Location
- Rutherglen Road, Hylton Red House Sunderland, Tyne and Wear, SR5 5LN England
- 54°55′45″N 1°25′16″W﻿ / ﻿54.92914°N 1.42125°W

Information
- Other name: RHA
- Former name: Hylton Red House School
- Type: Academy
- Motto: Outcomes Focused, Child Centred
- Local authority: Sunderland City Council
- Trust: Northern Education Trust
- Department for Education URN: 135878 Tables
- Ofsted: Reports
- Principal: Mr Michael Fairless
- Gender: Mixed
- Age range: 11–16
- Enrolment: 458 (2019)
- Capacity: 600
- Colours: Red, grey, black
- Website: rha.northerneducationtrust.org

= Red House Academy =

Red House Academy (RHA, formerly Hylton Red House School) is an 11–16 mixed secondary school with academy status in Hylton Red House, Sunderland, Tyne and Wear, England. It was formerly a community school and adopted its present name after becoming an academy in 2009. It is part of the Northern Education Trust.

== Controversy ==
=== Hylton Red House School ===
In 2007, the school attracted controversy regarding a training programme for call centre operators. The programme was set up in conjunction with EDF Energy which has a call centre in the area.

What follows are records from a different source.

lemma gen_a_closed: "gen_a m \<in> carrier (artin_group m)"
  and z_ab_closed: "z_ab m \<in> carrier (artin_group m)"
  by (simp_all add: gen_a_def z_ab_eq_class artin_group_def)

lemma gen_a_z_ab_commute:
  "gen_a m \<otimes>\<^bsub>artin_group m\<^esub> z_ab m = z_ab m \<otimes>\<^bsub>artin_group m\<^esub> gen_a m"
proof -
  have "(GA, False) # ba_word m = ab_word m @ [(GA, False)]"
    by (induction m) (auto simp: ab_word_def ba_word_def)
  moreover have "artin_rel m ([(GA, False)] @ ab_word m @ []) ([(GA, False)] @ ba_word m @ [])"
    by (rule artin_rel.relator)
  ultimately show ?thesis
    by (simp add: z_ab_eq_class gen_a_def artin_class_eq_iff)
qed

definition exponent_sum :: "gen \<Rightarrow> letter list \<Rightarrow> int" where
  "exponent_sum g w = sum_list (map (\<lambda>(h, e). if h = g then if e then -1 else 1 else 0) w)"

lemma exponent_sum_append [simp]:
  "exponent_sum g (u @ v) = exponent_sum g u + exponent_sum g v"
  by (simp add: exponent_sum_def)

lemma exponent_sum_concat_replicate:
  "exponent_sum g (concat (replicate n u)) = int n * exponent_sum g u"
  by (induction n) (simp_all add: exponent_sum_def algebra_simps)

lemma exponent_sum_ab_word: "exponent_sum g (ab_word m) = int m"
  and exponent_sum_ba_word: "exponent_sum g (ba_word m) = int m"
  unfolding ab_word_def ba_word_def exponent_sum_concat_replicate
  by (cases g; simp add: exponent_sum_def)+

lemma artin_rel_exponent_sum:
  "artin_rel m u v \<Longrightarrow> exponent_sum g u = exponent_sum g v"
proof (induction rule: artin_rel.induct)
  case (cancel u h e v)
  show ?case by (simp add: exponent_sum_def)
qed (simp_all add: exponent_sum_ab_word exponent_sum_ba_word)

definition class_exponent_sum :: "gen \<Rightarrow> letter list set \<Rightarrow> int" where
  "class_exponent_sum g P = exponent_sum g (SOME w. w \<in> P)"

lemma class_exponent_sum_class [simp]:
  "class_exponent_sum g (artin_class m w) = exponent_sum g w"
proof -
  have "w \<in> artin_class m w"
    by (simp add: artin_class_def artin_rel.refl)
  then have "artin_rel m w (SOME v. v \<in> artin_class m w)"
    by (metis artin_class_def mem_Collect_eq someI)
  then show ?thesis
    by (simp add: class_exponent_sum_def artin_rel_exponent_sum)
qed

lemma group_hom_class_exponent_sum:
  "group_hom (artin_group m) integer_group (class_exponent_sum g)"
proof -
  have "class_exponent_sum g \<in> hom (artin_group m) integer_group"
    by (rule homI) (auto simp: artin_group_def artin_mult_class)
  then show ?thesis
    by (simp add: group_hom_def group_hom_axioms_def group_artin_group)
qed

lemma class_exponent_sum_gen_a: "class_exponent_sum g (gen_a m) = (if g = GA then 1 else 0)"
  by (simp add: gen_a_def exponent_sum_def)

lemma class_exponent_sum_z_ab: "class_exponent_sum g (z_ab m) = int m"
  by (simp add: z_ab_eq_class exponent_sum_ab_word)

lemma class_exponent_sum_nat_pow:
  "w \<in> carrier (artin_group m) \<Longrightarrow>
    class_exponent_sum g (w [^]\<^bsub>artin_group m\<^esub> (n::nat)) = int n * class_exponent_sum g w"
  using group_hom.hom_nat_pow[OF group_hom_class_exponent_sum] by simp

lemma class_exponent_sum_gen_a_z_ab:
  "class_exponent_sum g
     (gen_a m [^]\<^bsub>artin_group m\<^esub> (k::int) \<otimes>\<^bsub>artin_group m\<^esub> z_ab m [^]\<^bsub>artin_group m\<^esub> (l::int))
   = (if g = GA then k else 0) + l * int m"
proof -
  interpret group "artin_group m"
    by (rule group_artin_group)
  show ?thesis
    using gen_a_closed z_ab_closed
    by (simp add: group_hom.hom_mult[OF group_hom_class_exponent_sum]
        group_hom.hom_int_pow[OF group_hom_class_exponent_sum]
        class_exponent_sum_gen_a class_exponent_sum_z_ab)
qed

lemma dvd_of_dvd_add_mult_coprime:
  fixes d k l m :: int
  assumes "coprime k l" "d dvd k + l * m" "d dvd l * m"
  shows "d dvd m"
proof -
  have "d dvd k"
    using assms(2,3) by (simp add: dvd_add_left_iff)
  then have "coprime d l"
    using dvd_refl assms(1) by (rule coprime_divisors)
  with assms(3) show ?thesis
    by (simp add: coprime_dvd_mult_right_iff)
qed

For pupils, successful completion of the course provided half of the credit of a GCSE examination. Local adults were also able to participate. The assistant headteacher, Helen Elderkin, claimed the programme was successful, providing students with "a taste of a real working environment" and helping to build their confidence. However, Howard Brown, Sunderland secretary of the National Union of Teachers, criticized it as "a step too far".

=== Academy ===
Serious question were raised about the school's approach to its pupils when it was revealed that they suspended over 50% of their pupils in 2017–2018 against a national average of 2.3%.